As a Massachusetts OUI lawyer, the idea that judges will be monitored by the press or judiciary with some statistic regarding OUI conviction rates may force more attorney to elect jury trials in drunk driving cases. This week the Massachusetts SJC announced that it would also undertake an investigation into the Globe report.

The decision whether to elect a bench or jury trial is always a difficult decision. The Globe special report may not only influence how judges rule in bench trials, but could influence potential jurors and attorney will have to seek more questioning during jury selection regarding a juror's views on the Boston Globe report and their knowledge of it and views on the accuracy of the content.

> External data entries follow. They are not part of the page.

(* Let $B$ be a minimum-weight basis of the weighted uncertainty matroid $\mathcal{M}=(E,\mathcal{I},A,w)$. A set $Q\subseteq E$ is a certificate of $B$ if and only if $Q$ is a vertex cover of the graph $G^B$ (i.e., every edge of $G^B$, including every loop $\{f,f\}$, has an endpoint in $Q$).
   Context: A weighted uncertainty matroid $\mathcal{M}=(E,\mathcal{I},A,w)$ consists of a matroid $M=(E,\mathcal{I})$ on a finite set $E$, for each $e\in E$ a non-empty finite union $A_e$ of bounded real intervals (each open or closed), and a weight $w_e\in A_e$. $L_e=\inf A_e$, $U_e=\sup A_e$. A minimum-weight basis is a basis minimizing total weight. A weight assignment is $w^*$ with $w^*_e\in A_e$, consistent with $Q$ if $w^*_e=w_e$ on $Q$. $Q$ is a certificate of $B$ if for every weight assignment consistent with $Q$, $B$ is a minimum-weight basis with respect to it. For $e\in E\setminus B$ let $C_e$ be the unique circuit in $B\cup\{e\}$, $F_e=\{f\in C_e\setminus\{e\}: U_f>L_e\}$, $\hat F_e=\{f\in C_e\setminus\{e\}: U_f>w_e\}$. The graph $G^B$ has vertex set $E$ and edge set $\bigcup_{e\in E\setminus B}E^B_e$ (edges may be loops $\{f,f\}$), where: (1) if $w_e\ge U_f$ for all $f\in C_e\setminus\{e\}$ and some $f'\in C_e\setminus\{e\}$ has $w_{f'}>L_e$, then $E^B_e=\{\{e,e\}\}$; (2) if $w_e\ge U_f$ for all $f\in C_e\setminus\{e\}$ and $w_f\le L_e$ for all $f\in C_e\setminus\{e\}$, then $E^B_e=\{\{e,f\}: f\in F_e\}$; (3) if some $f\in C_e\setminus\{e\}$ has $w_e<U_f$ and some $f'\in C_e\setminus\{e\}$ has $w_{f'}>L_e$, then $E^B_e=\{\{f,f\}: f\in\hat F_e\cup\{e\}\}$; (4) if some $f\in C_e\setminus\{e\}$ has $w_e<U_f$ and $w_{f'}\le L_e$ for all $f'\in C_e\setminus\{e\}$, then $E^B_e=\{\{e,f\}: f\in F_e\setminus\hat F_e\}\cup\{\{f,f\}: f\in\hat F_e\}$. *)

theory Defs
  imports Main "HOL-Library.Extended_Real"
begin

definition matroid :: "'a set \<Rightarrow> 'a set set \<Rightarrow> bool" where
  "matroid E \<I> \<longleftrightarrow> finite E \<and> (\<forall>X\<in>\<I>. X \<subseteq> E) \<and> {} \<in> \<I>
     \<and> (\<forall>X Y. X \<in> \<I> \<longrightarrow> Y \<subseteq> X \<longrightarrow> Y \<in> \<I>)
     \<and> (\<forall>X Y. X \<in> \<I> \<longrightarrow> Y \<in> \<I> \<longrightarrow> card X < card Y \<longrightarrow> (\<exists>y\<in>Y - X. insert y X \<in> \<I>))"

definition basis :: "'a set \<Rightarrow> 'a set set \<Rightarrow> 'a set \<Rightarrow> bool" where
  "basis E \<I> B \<longleftrightarrow> B \<in> \<I> \<and> (\<forall>X\<in>\<I>. B \<subseteq> X \<longrightarrow> X = B)"

definition circuit :: "'a set \<Rightarrow> 'a set set \<Rightarrow> 'a set \<Rightarrow> bool" where
  "circuit E \<I> C \<longleftrightarrow> C \<subseteq> E \<and> C \<notin> \<I> \<and> (\<forall>D. D \<subset> C \<longrightarrow> D \<in> \<I>)"

text \<open>The unique circuit contained in B \<union> {e} (for a basis B and e \<notin> B).\<close>
definition fund_circuit :: "'a set \<Rightarrow> 'a set set \<Rightarrow> 'a set \<Rightarrow> 'a \<Rightarrow> 'a set" where
  "fund_circuit E \<I> B e = (THE C. circuit E \<I> C \<and> C \<subseteq> insert e B)"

Increased 1st Offense OUI Penalties in Massachusetts proposed by Mother's Against Drunk Driving

November 2, 2011

Mother's Against Drunk Driving has urged Massachusetts legislatures to enact legislation that would require anyone convicted of even a First Offense Massachusetts OUI charge to have the ignition interlock device installed in their vehicle. This was according to a Patriot Ledger news report by Christian Schiavone.

Under the current version of Massachusetts OUI laws only a Second Offense requires an individual to have the ignition interlock device installed.

The legislation is being pushed by the family of Melanie Powell who pushed for more stringent penalties in the 2004 revisions to Massachusetts OUI laws now referred to as Melanie's Law. Ron Personi the grandfather of Melanie spoke about the proposed changes on the Sixth Anniversary of Melanie's Law.

Statistics show that since the passage of Melanie's law OUI fatalities in Massachusetts have decreased by 24%. Ignition Interlock legislation is a priority for Mother's Against Drunk Driving. Currently 27 States have an ignition interlock requirement for first time offenders.

The threat of ignition interlock legislation would make it more imperative for anyone charged with a Massachusetts OUI offense to hire an experienced attorney to ensure that there case can be proven by the Commonwealth.